Segment Start: Given data

lemma elim_state_exists: "j \<le> m \<Longrightarrow> \<exists>rs. elim_state j rs"
proof (induction j rule: inc_induct)
  case base
  show ?case using elim_state_start by blast
next
  case (step k)
  then obtain rs where st: "elim_state (Suc k) rs" by blast
  show ?case
  proof (cases "\<exists>T\<in>col_lists (Suc (length rs)). int_minor (k # rs) T \<noteq> 0")
    case True
    thus ?thesis using elim_state_adjoin[OF st \<open>k < m\<close>] by blast
  next
    case False
    hence "dependent rs k" unfolding dependent_def by blast
    thus ?thesis using elim_state_skip[OF st] by blast
  qed
qed

theorem elimination_bound:
  "\<exists>K \<subseteq> {..<m}. card K < card E \<and>
     \<bar>y 0\<bar> \<le> real (card E) * l 0 * (\<bar>y m\<bar> * prod step_factor K)"
proof -
  obtain rs where "elim_state 0 rs" using elim_state_exists by blast
  then obtain T K where rows: "set rs \<subseteq> {0..m}" and dep: "dependent rs 0"
    and T: "T \<in> col_lists (length rs)" "int_minor rs T \<noteq> 0"
    and K: "K \<subseteq> {0..<m}" "card K + 1 = length rs"
    and bnd: "mixed_bounded rs (\<bar>y m\<bar> * prod step_factor K)"
    unfolding elim_state_def by blast
  define B where "B = \<bar>y m\<bar> * prod step_factor K"
  have B_nonneg: "0 \<le> B"
    unfolding B_def using K(1) by (intro mult_nonneg_nonneg abs_ge_zero prod_step_factor_nonneg) auto
  have len: "length rs \<le> card E" using col_lists_le_card[OF T(1)] .
  have "\<bar>y 0\<bar> \<le> \<bar>y 0\<bar> * \<bar>int_minor rs T\<bar>"
    using int_minor_ge_1[OF T(2)] by (simp add: mult_le_cancel_left1)
  also have "\<dots> \<le> real (length rs) * l 0 * B"
    by (rule dependent_row_bound[OF dep _ _ T(1)]) (use rows bnd in \<open>auto simp: B_def\<close>)
  also have "\<dots> \<le> real (card E) * l 0 * B"
    by (intro mult_right_mono) (use len B_nonneg l_nonneg[of 0] in auto)
  finally show ?thesis using K len unfolding B_def by (intro exI[of _ K] conjI) auto
qed

end


subsection \<open>Counting monomials\<close>

definition monomials :: "nat \<Rightarrow> nat \<Rightarrow> (nat \<Rightarrow> nat) set" where
  "monomials t N = {e. (\<forall>i\<ge>t. e i = 0) \<and> (\<Sum>i<t. e i) \<le> N}"

lemma sum_choose_shift: "(\<Sum>i<Suc N. (i + t) choose t) = (N + Suc t) choose Suc t"
proof (induction N)
  case (Suc N)
  have "(\<Sum>i<Suc (Suc N). (i + t) choose t) = ((N + Suc t) choose Suc t) + ((N + Suc t) choose t)"
    unfolding sum.lessThan_Suc[of _ "Suc N"] Suc.IH by simp
  also have "\<dots> = Suc (N + Suc t) choose Suc t"
    by (subst binomial_Suc_Suc) (rule add.commute)
  finally show ?case by simp
qed simp

lemma monomials_Suc_subset:
  "monomials (Suc t) N \<subseteq> (\<lambda>(j, e). e(t := j)) ` (SIGMA j:{..N}. monomials t (N - j))"
proof
  fix e assume e: "e \<in> monomials (Suc t) N"
  define e' where "e' = e(t := 0)"
  have "(\<Sum>i<t. e' i) = (\<Sum>i<t. e i)" unfolding e'_def by (rule sum.cong) auto
  moreover have tot: "(\<Sum>i<t. e i) + e t \<le> N" using e unfolding monomials_def by simp
  moreover have "\<forall>i\<ge>t. e' i = 0" using e unfolding e'_def monomials_def by (auto simp: Suc_le_eq)
  ultimately have "(e t, e') \<in> (SIGMA j:{..N}. monomials t (N - j))"
    unfolding monomials_def by auto
  moreover have "e = e'(t := e t)" unfolding e'_def by simp
  ultimately show "e \<in> (\<lambda>(j, e). e(t := j)) ` (SIGMA j:{..N}. monomials t (N - j))"
    by (intro rev_image_eqI[of "(e t, e')"]) simp_all
qed

lemma monomials_finite_card:
  "finite (monomials t N) \<and> card (monomials t N) \<le> (N + t) choose t"
proof (induction t arbitrary: N)
  case 0
  have "monomials 0 N = {\<lambda>_. 0}" unfolding monomials_def by (auto simp: fun_eq_iff)
  thus ?case by simp
next
  case (Suc t)
  define A where "A = (SIGMA j:{..N}. monomials t (N - j))"
  have finA: "finite A" unfolding A_def using Suc.IH by auto
  have sub: "monomials (Suc t) N \<subseteq> (\<lambda>(j, e). e(t := j)) ` A"
    unfolding A_def by (rule monomials_Suc_subset)
  have "card (monomials (Suc t) N) \<le> card A"
    using card_mono[OF _ sub] card_image_le[OF finA] finA by (meson finite_imageI le_trans)
  also have "card A = (\<Sum>j\<le>N. card (monomials t (N - j)))"
    unfolding A_def by (rule card_SigmaI) (use Suc.IH in auto)
  also have "\<dots> \<le> (\<Sum>j\<le>N. (N - j + t) choose t)"
  proof (rule sum_mono)
    fix j assume "j \<in> {..N}"
    thus "card (monomials t (N - j)) \<le> (N - j + t) choose t" using Suc.IH[of "N - j"] by simp
  qed
  also have "\<dots> = (\<Sum>j<Suc N. (j + t) choose t)"
    using sum.nat_diff_reindex[of "\<lambda>i. (i + t) choose t" "Suc N"]
    by (simp add: lessThan_Suc_atMost)
  also have "\<dots> = (N + Suc t) choose Suc t" by (rule sum_choose_shift)
  finally show ?case using finite_subset[OF sub finite_imageI[OF finA]] by simp
qed

lemma card_monomials_le: "real (card (monomials t N)) \<le> real (N + t) ^ t / fact t"
proof -
  have "card (monomials t N) * fact t \<le> ((N + t) choose t) * fact t"
    using monomials_finite_card[of t N] by simp
  also have "\<dots> \<le> (N + t) ^ t" by (rule binomial_fact_pow)
  finally have "real (card (monomials t N) * fact t) \<le> real ((N + t) ^ t)" by (simp only: of_nat_le_iff)
  hence "real (card (monomials t N)) * fact t \<le> real (N + t) ^ t"
    by (simp only: of_nat_mult of_nat_fact of_nat_power)
  thus ?thesis by (simp add: pos_le_divide_eq)
qed


lemma powr_increment_le:
  fixes x p :: real
  assumes "0 \<le> x" "1 \<le> p"
  shows "(x + 1) powr p - x powr p \<le> p * (x + 1) powr (p - 1)"
proof (cases "x = 0")
  case True
  thus ?thesis using assms by simp
next
  case False
  hence x: "0 < x" using assms by simp
  have "\<And>z. x \<le> z \<Longrightarrow> z \<le> x + 1 \<Longrightarrow> ((\<lambda>z. z powr p) has_real_derivative p * z powr (p - 1)) (at z)"
    using x by (intro has_real_derivative_powr) auto
  then obtain z where z: "x < z" "z < x + 1" "(x + 1) powr p - x powr p = (x + 1 - x) * (p * z powr (p - 1))"
    using MVT2[of x "x + 1" "\<lambda>z. z powr p" "\<lambda>z. p * z powr (p - 1)"] by auto
  have "z powr (p - 1) \<le> (x + 1) powr (p - 1)"
    by (rule powr_mono2) (use z x assms in auto)
  hence "p * z powr (p - 1) \<le> p * (x + 1) powr (p - 1)"
    by (rule mult_left_mono) (use assms in linarith)
  thus ?thesis using z(3) by simp
qed

text \<open>The running maximum max_(j \<le> m) |x j| turns bounds that hold for each n into
  bounds that hold uniformly for all indices below m.\<close>

definition running_max :: "(nat \<Rightarrow> real) \<Rightarrow> nat \<Rightarrow> real" where
  "running_max x m = Max ((\<lambda>j. \<bar>x j\<bar>) ` {..m})"

lemma running_max_ge: "j \<le> m \<Longrightarrow> \<bar>x j\<bar> \<le> running_max x m"
  unfolding running_max_def by (rule Max_ge) auto

lemma running_max_nonneg: "0 \<le> running_max x m"
  using running_max_ge[of 0 m x] by simp

lemma running_max_le: "(\<And>j. j \<le> m \<Longrightarrow> \<bar>x j\<bar> \<le> B) \<Longrightarrow> running_max x m \<le> B"
  unfolding running_max_def by (subst Max_le_iff) auto

lemma running_max_small:
  fixes x w :: "nat \<Rightarrow> real"
  assumes x: "(\<lambda>n. x n / w n) \<longlonglongrightarrow> 0" and w: "mono w" "filterlim w at_top sequentially"
  shows "(\<lambda>m. running_max x m / w m) \<longlonglongrightarrow> 0"
proof (rule LIMSEQ_I)
  fix r :: real assume r: "0 < r"
  obtain N1 where N1: "\<And>n. n \<ge> N1 \<Longrightarrow> \<bar>x n / w n\<bar> < r / 2"
    using LIMSEQ_D[OF x, of "r / 2"] r by auto
  obtain N2 where N2: "\<And>n. n \<ge> N2 \<Longrightarrow> 1 \<le> w n"
    using w(2) unfolding filterlim_at_top eventually_sequentially by blast
  define N where "N = max N1 N2"
  define C where "C = running_max x N"
  obtain N3 where N3: "\<And>n. n \<ge> N3 \<Longrightarrow> 2 * C / r + 1 \<le> w n"
    using w(2) unfolding filterlim_at_top eventually_sequentially by blast
  show "\<exists>no. \<forall>n\<ge>no. norm (running_max x n / w n - 0) < r"
  proof (intro exI allI impI)
    fix m assume m: "max N N3 \<le> m"
    have wm1: "1 \<le> w m" using N2[of m] m unfolding N_def by simp
    have C_less: "C < r / 2 * w m"
    proof -
      have "C + r / 2 = r / 2 * (2 * C / r + 1)" using r by (simp add: algebra_simps)
      also have "\<dots> \<le> r / 2 * w m" using N3[of m] m r by simp
      finally show ?thesis using r by simp
    qed
    have "running_max x m \<le> r / 2 * w m"
    proof (rule running_max_le)
      fix j assume j: "j \<le> m"
      show "\<bar>x j\<bar> \<le> r / 2 * w m"
      proof (cases "j \<le> N")
        case True
        thus ?thesis using running_max_ge[OF True, of x] C_less unfolding C_def by simp
      next
        case False
        hence wj: "1 \<le> w j" "w j \<le> w m" using N2[of j] j w(1) unfolding N_def mono_def by auto
        have "\<bar>x j\<bar> / w j < r / 2" using N1[of j] False wj unfolding N_def by (simp add: abs_divide)
        hence "\<bar>x j\<bar> < r / 2 * w j" using wj by (simp add: divide_less_eq)
        also have "\<dots> \<le> r / 2 * w m" using wj r by simp
        finally show ?thesis by simp
      qed
    qed
    hence "running_max x m / w m \<le> r / 2" using wm1 by (simp add: divide_le_eq)
    moreover have "0 \<le> running_max x m / w m" using running_max_nonneg wm1 by simp
    ultimately show "norm (running_max x m / w m - 0) < r" using r by (simp only: real_norm_def diff_zero)
  qed
qed

lemma real_powr_at_top: "0 < s \<Longrightarrow> filterlim (\<lambda>m::nat. real m powr s) at_top sequentially"
proof -
  assume s: "0 < s"
  have "(\<lambda>m::nat. real m powr (- s)) \<longlonglongrightarrow> 0"
    by (rule tendsto_neg_powr) (use s filterlim_real_sequentially in auto)
  hence "filterlim (\<lambda>m::nat. inverse (real m powr (- s))) at_top sequentially"
    by (rule filterlim_inverse_at_top) (auto simp: eventually_sequentially intro: exI[of _ 1])
  thus ?thesis by (simp add: powr_minus)
qed

lemma tendsto_divide_at_top:
  "(f \<longlonglongrightarrow> (c::real)) \<Longrightarrow> filterlim g at_top sequentially \<Longrightarrow> (\<lambda>m. f m / g m) \<longlonglongrightarrow> 0"
  by (rule tendsto_divide_0) (auto intro: filterlim_at_top_imp_at_infinity)

lemma mono_real: "mono (\<lambda>m::nat. real m)"
  unfolding mono_def by simp

lemma mono_real_powr: "0 \<le> s \<Longrightarrow> mono (\<lambda>m::nat. real m powr s)"
  unfolding mono_def by (intro allI impI powr_mono2) auto

lemma LIMSEQ_transform_ge_1:
  "X \<longlonglongrightarrow> L \<Longrightarrow> (\<And>m. 1 \<le> m \<Longrightarrow> X m = Y m) \<Longrightarrow> Y \<longlonglongrightarrow> L"
  by (rule Lim_transform_eventually) (auto simp: eventually_sequentially)


subsection \<open>The sequence of polynomials of the theorem\<close>

locale small_values =
  fixes t :: nat and \<theta> :: "nat \<Rightarrow> real" and \<beta> \<delta> \<kappa> lam \<alpha> \<gamma> :: real
    and P :: "nat \<Rightarrow> mpoly_int" and f g h1 h2 :: "nat \<Rightarrow> real"
  assumes t_pos: "t \<ge> 1"
    and \<beta>_pos: "\<beta> > 0" and \<delta>_pos: "\<delta> > 0" and \<kappa>_pos: "\<kappa> > 0" and lam_pos: "lam > 0"
    and \<kappa>_le: "\<kappa> \<le> 1 / real t"
    and poly: "\<And>n. is_mpoly t (P n)"
    and f_small: "f \<in> o(\<lambda>n. real n powr \<kappa>)"
    and deg: "\<And>n. total_deg_le t (P n) (\<delta> * real n powr \<kappa> + f n)"
    and g_small: "g \<in> o(\<lambda>n. real n)"
    and len: "\<And>n. mpoly_length (P n) \<le> exp (\<beta> * real n + g n)"
    and h1: "h1 \<longlonglongrightarrow> 0" and h2: "h2 \<longlonglongrightarrow> 0"
    and lower: "\<And>n. exp (- lam * real n powr (1 + real t * \<kappa>) - (\<alpha> + h1 n) * real n)
                  \<le> \<bar>mpoly_eval t (P n) \<theta>\<bar>"
    and upper: "\<And>n. \<bar>mpoly_eval t (P n) \<theta>\<bar>
                  \<le> exp (- lam * real n powr (1 + real t * \<kappa>) - (\<gamma> + h2 n) * real n)"
begin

Segment End: Given data

#### Exercise instructions:
Beginning at the line with "col_lists_le_card[OF T(1)] ." and stopping after the line with "real (length rs)", please write out every line of the data above exactly and nothing else.

#### Answer below:
  have len: "length rs \<le> card E" using col_lists_le_card[OF T(1)] .
  have "\<bar>y 0\<bar> \<le> \<bar>y 0\<bar> * \<bar>int_minor rs T\<bar>"
    using int_minor_ge_1[OF T(2)] by (simp add: mult_le_cancel_left1)
  also have "\<dots> \<le> real (length rs) * l 0 * B"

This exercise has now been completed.